Professor Mark Elliott discusses the legal option for revoking Article 50 — a possibility that has risen up the political agenda in recent days, not least in the light of a petition signed by approximately 5.5 million people.
Importantly, whereas the agreement of all other Member States would be needed for a further extension, the EU Court of Justice held in the Wightman case that the UK can unilaterally revoke Article 50.
From all of this, it follows that if Parliament really wishes to take a no-deal Brexit off the table, it needs to ensure that leaving without a Withdrawal Agreement ceases to be the default option — and that it can only do this by legally precluding a no-deal Brexit. How might this be done? The first point to emphasise is that any revocation of Article 50 would almost certainly require legislation in the form of an Act of Parliament. While it is strongly arguable, as Robert Craig has explained, that no legislation was needed to authorise the Government to seek an extension, the same is not true, for reasons set out by Gavin Phillipson and Alison Young, of revocation. Parliament’s role, if Article 50 were to be revoked, would thus be indispensible.
However, this only gets us so far.

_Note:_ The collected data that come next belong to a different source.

lemma not_in_Range_or_not_in_Domain_Diff_sole_in_edges:
  assumes "E \<subseteq> sole_in_edges E \<union> sole_out_edges E" and "(u, v) \<in> E"
  shows "v \<notin> Range (sole_in_edges E) \<or> u \<notin> Domain (E - sole_in_edges E)"
proof (cases "(u, v) \<in> sole_in_edges E")
  case True
  have "(u, b) \<in> sole_in_edges E" if "(u, b) \<in> E" for b
  proof (rule ccontr)
    assume "(u, b) \<notin> sole_in_edges E"
    then have "(u, b) \<in> sole_out_edges E"
      using assms(1) that by blast
    then have "E `` {u} = {b}"
      by (simp add: sole_out_edges_def)
    then have "b = v"
      using assms(2) by (metis Image_singleton_iff singletonD)
    then show False
      using \<open>(u, b) \<notin> sole_in_edges E\<close> True by simp
  qed
  then have "u \<notin> Domain (E - sole_in_edges E)"
    by blast
  then show ?thesis ..
next
  case False
  then have "E\<inverse> `` {v} \<noteq> {u}"
    using assms(2) by (simp add: sole_in_edges_def)
  then obtain a where "(a, v) \<in> E" "a \<noteq> u"
    using assms(2) by blast
  then have "v \<notin> Range (sole_in_edges E)"
    using assms(2) by (metis not_in_Range_sole_in_edges)
  then show ?thesis ..
qed
(* Let $\mathfrak{g}$ be a finite-dimensional real Lie algebra and let $((\Lambda^3\mathfrak{g})^{\mathfrak{g}})^\circ\subset(\Lambda^3\mathfrak{g})^*$ be the annihilator of $(\Lambda^3\mathfrak{g})^{\mathfrak{g}}$. The functions $f_\upsilon:r\in\Lambda^2\mathfrak{g}\mapsto\upsilon([r,r])\in\mathbb{R}$, $\upsilon\in((\Lambda^3\mathfrak{g})^{\mathfrak{g}})^\circ$, span a linear Darboux family for $V_{\mathfrak{g}}$ on $\Lambda^2\mathfrak{g}$ whose locus is the set $\mathcal{Y}_{\mathfrak{g}}$ of solutions of the modified classical Yang–Baxter equation. Moreover, the functions $r\mapsto\xi([r,r])$, $\xi\in(\Lambda^3\mathfrak{g})^*$ (i.e. the components of $[r,r]$ in any basis of $\Lambda^3\mathfrak{g}$), span a linear Darboux family for $V_{\mathfrak{g}}$ on $\Lambda^2\mathfrak{g}$ whose locus is the set of solutions of the classical Yang–Baxter equation $[r,r]=0$.
   Context: $[\cdot,\cdot]$ is the algebraic Schouten bracket on $\Lambda\mathfrak{g}$. $(\Lambda^m\mathfrak{g})^{\mathfrak{g}}=\{w\in\Lambda^m\mathfrak{g}:[v,w]=0\ \forall v\in\mathfrak{g}\}$. The modified classical Yang–Baxter equation (mCYBE) for $r\in\Lambda^2\mathfrak{g}$ is $[r,r]\in(\Lambda^3\mathfrak{g})^{\mathfrak{g}}$; its solutions are called $r$-matrices and form $\mathcal{Y}_{\mathfrak{g}}$. $V_{\mathfrak{g}}$ is the Lie algebra of fundamental vector fields of the action $T\mapsto\Lambda^2T$ of $\mathrm{Aut}(\mathfrak{g})$ on $\Lambda^2\mathfrak{g}$, namely $w\mapsto(\Lambda^2d)(w)$ for $d\in\mathfrak{der}(\mathfrak{g})$, where $\Lambda^2d(a\wedge b)=da\wedge b+a\wedge db$. A Darboux family for a Lie algebra $V$ of vector fields on $M$ is a finite-dimensional space $\mathcal{A}=\langle f_1,\dots,f_s\rangle$ of smooth functions with $Xf_j=\sum_i h^i_{jX}f_i$, $h^i_{jX}\in C^\infty(M)$, for all $X\in V$; it is linear if the cofactors can be taken constant; its locus is the common zero set of its elements. *)

theory Defs
  imports "HOL-Analysis.Analysis"
begin

text \<open>A finite-dimensional real Lie algebra is modelled as real^'n (standard basis
 axis i 1 = e_i) with a bilinear, antisymmetric bracket satisfying Jacobi.\<close>

definition lie_algebra :: "(real^'n \<Rightarrow> real^'n \<Rightarrow> real^'n) \<Rightarrow> bool" where
  "lie_algebra br \<longleftrightarrow> bilinear br \<and> (\<forall>x y. br x y = - br y x) \<and>
     (\<forall>x y z. br x (br y z) + br y (br z x) + br z (br x y) = 0)"

definition sc :: "(real^'n \<Rightarrow> real^'n \<Rightarrow> real^'n) \<Rightarrow> 'n \<Rightarrow> 'n \<Rightarrow> 'n \<Rightarrow> real" where
  "sc br i j k = br (axis i 1) (axis j 1) $ k"

text \<open>r = sum_{i<j} r$i$j e_i\<and>e_j  and  w = sum_{a<b<c} w$a$b$c e_a\<and>e_b\<and>e_c,
 with antisymmetric coefficient tensors.\<close>

definition Lam2 :: "(real^'n^'n) set" where
  "Lam2 = {r. \<forall>i j. r$i$j = - r$j$i}"

definition Lam3 :: "(real^'n^'n^'n) set" where
  "Lam3 = {w. \<forall>a b c. w$a$b$c = - w$b$a$c \<and> w$a$b$c = - w$a$c$b}"

text \<open>Algebraic Schouten bracket [r,r] of a bivector with itself (convention
 [x\<and>y,u\<and>v] = [x,u]\<and>y\<and>v - [x,v]\<and>y\<and>u - [y,u]\<and>x\<and>v + [y,v]\<and>x\<and>u),
 which gives [r,r] = sum_{i,j,k,l} r^{ij} r^{kl} [e_i,e_k]\<and>e_j\<and>e_l.\<close>

definition schouten_pre :: "(real^'n \<Rightarrow> real^'n \<Rightarrow> real^'n) \<Rightarrow> real^'n^'n \<Rightarrow> 'n \<Rightarrow> 'n \<Rightarrow> 'n \<Rightarrow> real" where
  "schouten_pre br r m j l = (\<Sum>i\<in>UNIV. \<Sum>k\<in>UNIV. sc br i k m * r$i$j * r$k$l)"

definition schouten_rr :: "(real^'n \<Rightarrow> real^'n \<Rightarrow> real^'n) \<Rightarrow> real^'n^'n \<Rightarrow> real^'n^'n^'n" where
  "schouten_rr br r = (\<chi> a b c. schouten_pre br r a b c - schouten_pre br r b a c
      - schouten_pre br r a c b - schouten_pre br r c b a
      + schouten_pre br r b c a + schouten_pre br r c a b)"

text \<open>Schouten bracket [v,w] of v in g with w in Lam^3 g (adjoint action, a derivation).\<close>

definition schouten_13 :: "(real^'n \<Rightarrow> real^'n \<Rightarrow> real^'n) \<Rightarrow> real^'n \<Rightarrow> real^'n^'n^'n \<Rightarrow> real^'n^'n^'n" where
  "schouten_13 br v w = (\<chi> a b c. \<Sum>d\<in>UNIV.
       br v (axis d 1) $ a * w$d$b$c + br v (axis d 1) $ b * w$a$d$c + br v (axis d 1) $ c * w$a$b$d)"

definition inv3 :: "(real^'n \<Rightarrow> real^'n \<Rightarrow> real^'n) \<Rightarrow> (real^'n^'n^'n) set" where
  "inv3 br = {w \<in> Lam3. \<forall>v. schouten_13 br v w = 0}"

text \<open>Annihilator of a subset of Lam^3: linear functionals vanishing on it
 (every functional on Lam^3 is the restriction of a linear functional on all tensors).\<close>
definition annihilator :: "(real^'n^'n^'n) set \<Rightarrow> (real^'n^'n^'n \<Rightarrow> real) set" where
  "annihilator S = {u. linear u \<and> (\<forall>w\<in>S. u w = 0)}"

definition r_matrices :: "(real^'n \<Rightarrow> real^'n \<Rightarrow> real^'n) \<Rightarrow> (real^'n^'n) set" where
  "r_matrices br = {r \<in> Lam2. schouten_rr br r \<in> inv3 br}"

definition derivations :: "(real^'n \<Rightarrow> real^'n \<Rightarrow> real^'n) \<Rightarrow> (real^'n \<Rightarrow> real^'n) set" where
  "derivations br = {d. linear d \<and> (\<forall>x y. d (br x y) = br (d x) y + br x (d y))}"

It is one thing to say that Parliament would have to act, by way of legislating, if revocation were to be rendered a legal possibility. But what if Parliament were to decide that it did not merely wish to make revocation possible, but that it wished to go further by insisting upon revocation in the absence of a withdrawal agreement, so as to provide an absolute legal guarantee that there would not be a no-deal Brexit? [...]
Conclusion
The enactment of legislation along the lines outlined in this post is doubtless highly unlikely. However, if Parliament really does wish to wrest control of the Brexit process from the Government, and if it really does wish to guarantee against a no-deal Brexit, it may have little option but to contemplate enacting such legislation. If it is introduced into Parliament and voted on, it will force lawmakers to confront matters with a degree of directness that has so far been wholly lacking.
It is one thing to ‘rule out’ a no-deal Brexit by means of supporting an amendment to a motion or disapproving of a no-deal Brexit by means of an ‘indicative vote’. But such interventions by Parliament do not alter the legal position, and therefore leave the Article 50 clock undisturbed as it ticks towards a default no-deal Brexit on 12 April. Instead, it is only by means of a Bill along the lines set out above that Parliament could truly rule out a no-deal Brexit. There has been a great deal of noise in recent weeks about Parliament’s desire to ‘take charge’ of Brexit given the Government’s apparent paralysis. The introduction of a Bill ruling out a no-deal Brexit would be an interesting acid test of the genuineness of that desire.